WHAT YOU WILL DO
Output all the data exactly.
---
(* Let $(X,d)$ be a compact metric space and $f_{0,\infty}=\{f_n\}_{n=0}^\infty$ an equi-continuous sequence of continuous surjective self-maps of $X$. For $i\ge0$ let $f_{i,\infty}=\{f_n\}_{n=i}^\infty$. Then for any $A\in\mathcal{S}$, \[h_{A}(f_{i,\infty})\geq h_{A}(f_{j,\infty}),\quad 0\leq i\leq j<\infty,\] and thus \[h^{*}(f_{i,\infty})=h^{*}(f_{j,\infty}),\quad 0\leq i\leq j<\infty.\]
   Context: $f_{0,\infty}$ is equi-continuous if for every $\epsilon>0$ there is $\delta>0$ with $d(x,y)<\delta\Rightarrow d(f_n x,f_n y)<\epsilon$ for all $n$. $f_i^n=f_{i+n-1}\circ\cdots\circ f_i$ ($n\ge1$), $f_i^0=\mathrm{id}$, $f_i^{-n}(B)=(f_i^n)^{-1}(B)$. $\mathcal S$ is the set of strictly increasing sequences $A=\{a_k\}_{k\ge1}$ of nonnegative integers. $h_A(f_{i,\infty})=\sup_{\mathscr A}\limsup_{n\to\infty}\frac1n\log\mathcal N(\bigvee_{k=1}^n f_i^{-a_k}\mathscr A)$ over finite open covers $\mathscr A$ ($\bigvee$ = common refinement, $\mathcal N$ = minimal cardinality of a subcover), and $h^*(f_{i,\infty})=\sup_{A\in\mathcal S}h_A(f_{i,\infty})$. *)

theory Defs
  imports "HOL-Analysis.Analysis" "HOL-Library.Liminf_Limsup"
begin

text \<open>Composition of a nonautonomous sequence g (indexed from 0):
  ncomp g n = g (n-1) o ... o g 0, ncomp g 0 = id.  For f_{i,infinity} we use g = (\<lambda>n. f (n + i)),
  so ncomp g n is f_i^n.\<close>
fun ncomp :: "(nat \<Rightarrow> 'a \<Rightarrow> 'a) \<Rightarrow> nat \<Rightarrow> 'a \<Rightarrow> 'a" where
  "ncomp g 0 = id"
| "ncomp g (Suc n) = g n \<circ> ncomp g n"

definition open_covers :: "'a::metric_space set \<Rightarrow> 'a set set set" where
  "open_covers X = {\<A>. finite \<A> \<and> (\<forall>U\<in>\<A>. openin (top_of_set X) U) \<and> X \<subseteq> \<Union>\<A>}"

definition cover_preimage :: "'a set \<Rightarrow> ('a \<Rightarrow> 'a) \<Rightarrow> 'a set set \<Rightarrow> 'a set set" where
  "cover_preimage X h \<A> = (\<lambda>B. X \<inter> h -` B) ` \<A>"

fun join_covers :: "'a set \<Rightarrow> (nat \<Rightarrow> 'a set set) \<Rightarrow> nat \<Rightarrow> 'a set set" where
  "join_covers X C 0 = {X}"
| "join_covers X C (Suc n) = {A \<inter> B | A B. A \<in> join_covers X C n \<and> B \<in> C n}"

definition Ncov :: "'a set \<Rightarrow> 'a set set \<Rightarrow> nat" where
  "Ncov X \<U> = (LEAST m. \<exists>\<V>\<subseteq>\<U>. X \<subseteq> \<Union>\<V> \<and> finite \<V> \<and> card \<V> = m)"

text \<open>Sequence entropy along a strictly increasing sequence a (a 0 plays the role of a_1).\<close>
definition seq_entropy :: "'a::metric_space set \<Rightarrow> (nat \<Rightarrow> 'a \<Rightarrow> 'a) \<Rightarrow> (nat \<Rightarrow> nat) \<Rightarrow> ereal" where
  "seq_entropy X g a = (SUP \<A>\<in>open_covers X.
     limsup (\<lambda>n. ereal (ln (real (Ncov X (join_covers X (\<lambda>k. cover_preimage X (ncomp g (a k)) \<A>) n))) / real n)))"

definition sup_seq_entropy :: "'a::metric_space set \<Rightarrow> (nat \<Rightarrow> 'a \<Rightarrow> 'a) \<Rightarrow> ereal" where
  "sup_seq_entropy X g = (SUP a\<in>{a. strict_mono a}. seq_entropy X g a)"

end

theory Submission
  imports Defs
begin

(* Write j = i + m and g = f_i^m, so that f_j^a \<circ> g = f_i^(m + a).

   h_A(f_j) \<le> h_A(f_i): given an open cover U, a Lebesgue number of U together with the
   equicontinuity of the maps f_p^m, uniform in p, yields a cover V by small balls such that
   the join of the f_i^(-a_k) V refines the g-preimage of the join of the f_j^(-a_k) U.
   Since g is onto, taking g-preimages does not change minimal subcover sizes, so
   N(\<Or> f_j^(-a_k) U) \<le> N(\<Or> f_i^(-a_k) V).

   h*(f_i) \<le> h*(f_j): in the join of the f_i^(-a_k) U over k < m + n the first m factors
   contribute a constant factor, and the remaining n factors form the g-preimage of the join
   of the f_j^(-b_k) U with b_k = a_(k+m) - m.  A constant factor and an index shift do not
   change the exponential growth rate, so h_A(f_i) \<le> h_B(f_j). *)

definition uniformly_equicontinuous_on :: "'a::metric_space set \<Rightarrow> ('i \<Rightarrow> 'a \<Rightarrow> 'b::metric_space) \<Rightarrow> bool" where
  "uniformly_equicontinuous_on X F \<longleftrightarrow>
     (\<forall>\<epsilon>>0. \<exists>\<delta>>0. \<forall>x\<in>X. \<forall>y\<in>X. dist x y < \<delta> \<longrightarrow> (\<forall>i. dist (F i x) (F i y) < \<epsilon>))"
---
SOLVED EXERCISE
(* Let $(X,d)$ be a compact metric space and $f_{0,\infty}=\{f_n\}_{n=0}^\infty$ an equi-continuous sequence of continuous surjective self-maps of $X$. For $i\ge0$ let $f_{i,\infty}=\{f_n\}_{n=i}^\infty$. Then for any $A\in\mathcal{S}$, \[h_{A}(f_{i,\infty})\geq h_{A}(f_{j,\infty}),\quad 0\leq i\leq j<\infty,\] and thus \[h^{*}(f_{i,\infty})=h^{*}(f_{j,\infty}),\quad 0\leq i\leq j<\infty.\]
   Context: $f_{0,\infty}$ is equi-continuous if for every $\epsilon>0$ there is $\delta>0$ with $d(x,y)<\delta\Rightarrow d(f_n x,f_n y)<\epsilon$ for all $n$. $f_i^n=f_{i+n-1}\circ\cdots\circ f_i$ ($n\ge1$), $f_i^0=\mathrm{id}$, $f_i^{-n}(B)=(f_i^n)^{-1}(B)$. $\mathcal S$ is the set of strictly increasing sequences $A=\{a_k\}_{k\ge1}$ of nonnegative integers. $h_A(f_{i,\infty})=\sup_{\mathscr A}\limsup_{n\to\infty}\frac1n\log\mathcal N(\bigvee_{k=1}^n f_i^{-a_k}\mathscr A)$ over finite open covers $\mathscr A$ ($\bigvee$ = common refinement, $\mathcal N$ = minimal cardinality of a subcover), and $h^*(f_{i,\infty})=\sup_{A\in\mathcal S}h_A(f_{i,\infty})$. *)

theory Defs
  imports "HOL-Analysis.Analysis" "HOL-Library.Liminf_Limsup"
begin

text \<open>Composition of a nonautonomous sequence g (indexed from 0):
  ncomp g n = g (n-1) o ... o g 0, ncomp g 0 = id.  For f_{i,infinity} we use g = (\<lambda>n. f (n + i)),
  so ncomp g n is f_i^n.\<close>
fun ncomp :: "(nat \<Rightarrow> 'a \<Rightarrow> 'a) \<Rightarrow> nat \<Rightarrow> 'a \<Rightarrow> 'a" where
  "ncomp g 0 = id"
| "ncomp g (Suc n) = g n \<circ> ncomp g n"

definition open_covers :: "'a::metric_space set \<Rightarrow> 'a set set set" where
  "open_covers X = {\<A>. finite \<A> \<and> (\<forall>U\<in>\<A>. openin (top_of_set X) U) \<and> X \<subseteq> \<Union>\<A>}"

definition cover_preimage :: "'a set \<Rightarrow> ('a \<Rightarrow> 'a) \<Rightarrow> 'a set set \<Rightarrow> 'a set set" where
  "cover_preimage X h \<A> = (\<lambda>B. X \<inter> h -` B) ` \<A>"

fun join_covers :: "'a set \<Rightarrow> (nat \<Rightarrow> 'a set set) \<Rightarrow> nat \<Rightarrow> 'a set set" where
  "join_covers X C 0 = {X}"
| "join_covers X C (Suc n) = {A \<inter> B | A B. A \<in> join_covers X C n \<and> B \<in> C n}"

definition Ncov :: "'a set \<Rightarrow> 'a set set \<Rightarrow> nat" where
  "Ncov X \<U> = (LEAST m. \<exists>\<V>\<subseteq>\<U>. X \<subseteq> \<Union>\<V> \<and> finite \<V> \<and> card \<V> = m)"

text \<open>Sequence entropy along a strictly increasing sequence a (a 0 plays the role of a_1).\<close>
definition seq_entropy :: "'a::metric_space set \<Rightarrow> (nat \<Rightarrow> 'a \<Rightarrow> 'a) \<Rightarrow> (nat \<Rightarrow> nat) \<Rightarrow> ereal" where
  "seq_entropy X g a = (SUP \<A>\<in>open_covers X.
     limsup (\<lambda>n. ereal (ln (real (Ncov X (join_covers X (\<lambda>k. cover_preimage X (ncomp g (a k)) \<A>) n))) / real n)))"

definition sup_seq_entropy :: "'a::metric_space set \<Rightarrow> (nat \<Rightarrow> 'a \<Rightarrow> 'a) \<Rightarrow> ereal" where
  "sup_seq_entropy X g = (SUP a\<in>{a. strict_mono a}. seq_entropy X g a)"

end

theory Submission
  imports Defs
begin

(* Write j = i + m and g = f_i^m, so that f_j^a \<circ> g = f_i^(m + a).

   h_A(f_j) \<le> h_A(f_i): given an open cover U, a Lebesgue number of U together with the
   equicontinuity of the maps f_p^m, uniform in p, yields a cover V by small balls such that
   the join of the f_i^(-a_k) V refines the g-preimage of the join of the f_j^(-a_k) U.
   Since g is onto, taking g-preimages does not change minimal subcover sizes, so
   N(\<Or> f_j^(-a_k) U) \<le> N(\<Or> f_i^(-a_k) V).

   h*(f_i) \<le> h*(f_j): in the join of the f_i^(-a_k) U over k < m + n the first m factors
   contribute a constant factor, and the remaining n factors form the g-preimage of the join
   of the f_j^(-b_k) U with b_k = a_(k+m) - m.  A constant factor and an index shift do not
   change the exponential growth rate, so h_A(f_i) \<le> h_B(f_j). *)

definition uniformly_equicontinuous_on :: "'a::metric_space set \<Rightarrow> ('i \<Rightarrow> 'a \<Rightarrow> 'b::metric_space) \<Rightarrow> bool" where
  "uniformly_equicontinuous_on X F \<longleftrightarrow>
     (\<forall>\<epsilon>>0. \<exists>\<delta>>0. \<forall>x\<in>X. \<forall>y\<in>X. dist x y < \<delta> \<longrightarrow> (\<forall>i. dist (F i x) (F i y) < \<epsilon>))"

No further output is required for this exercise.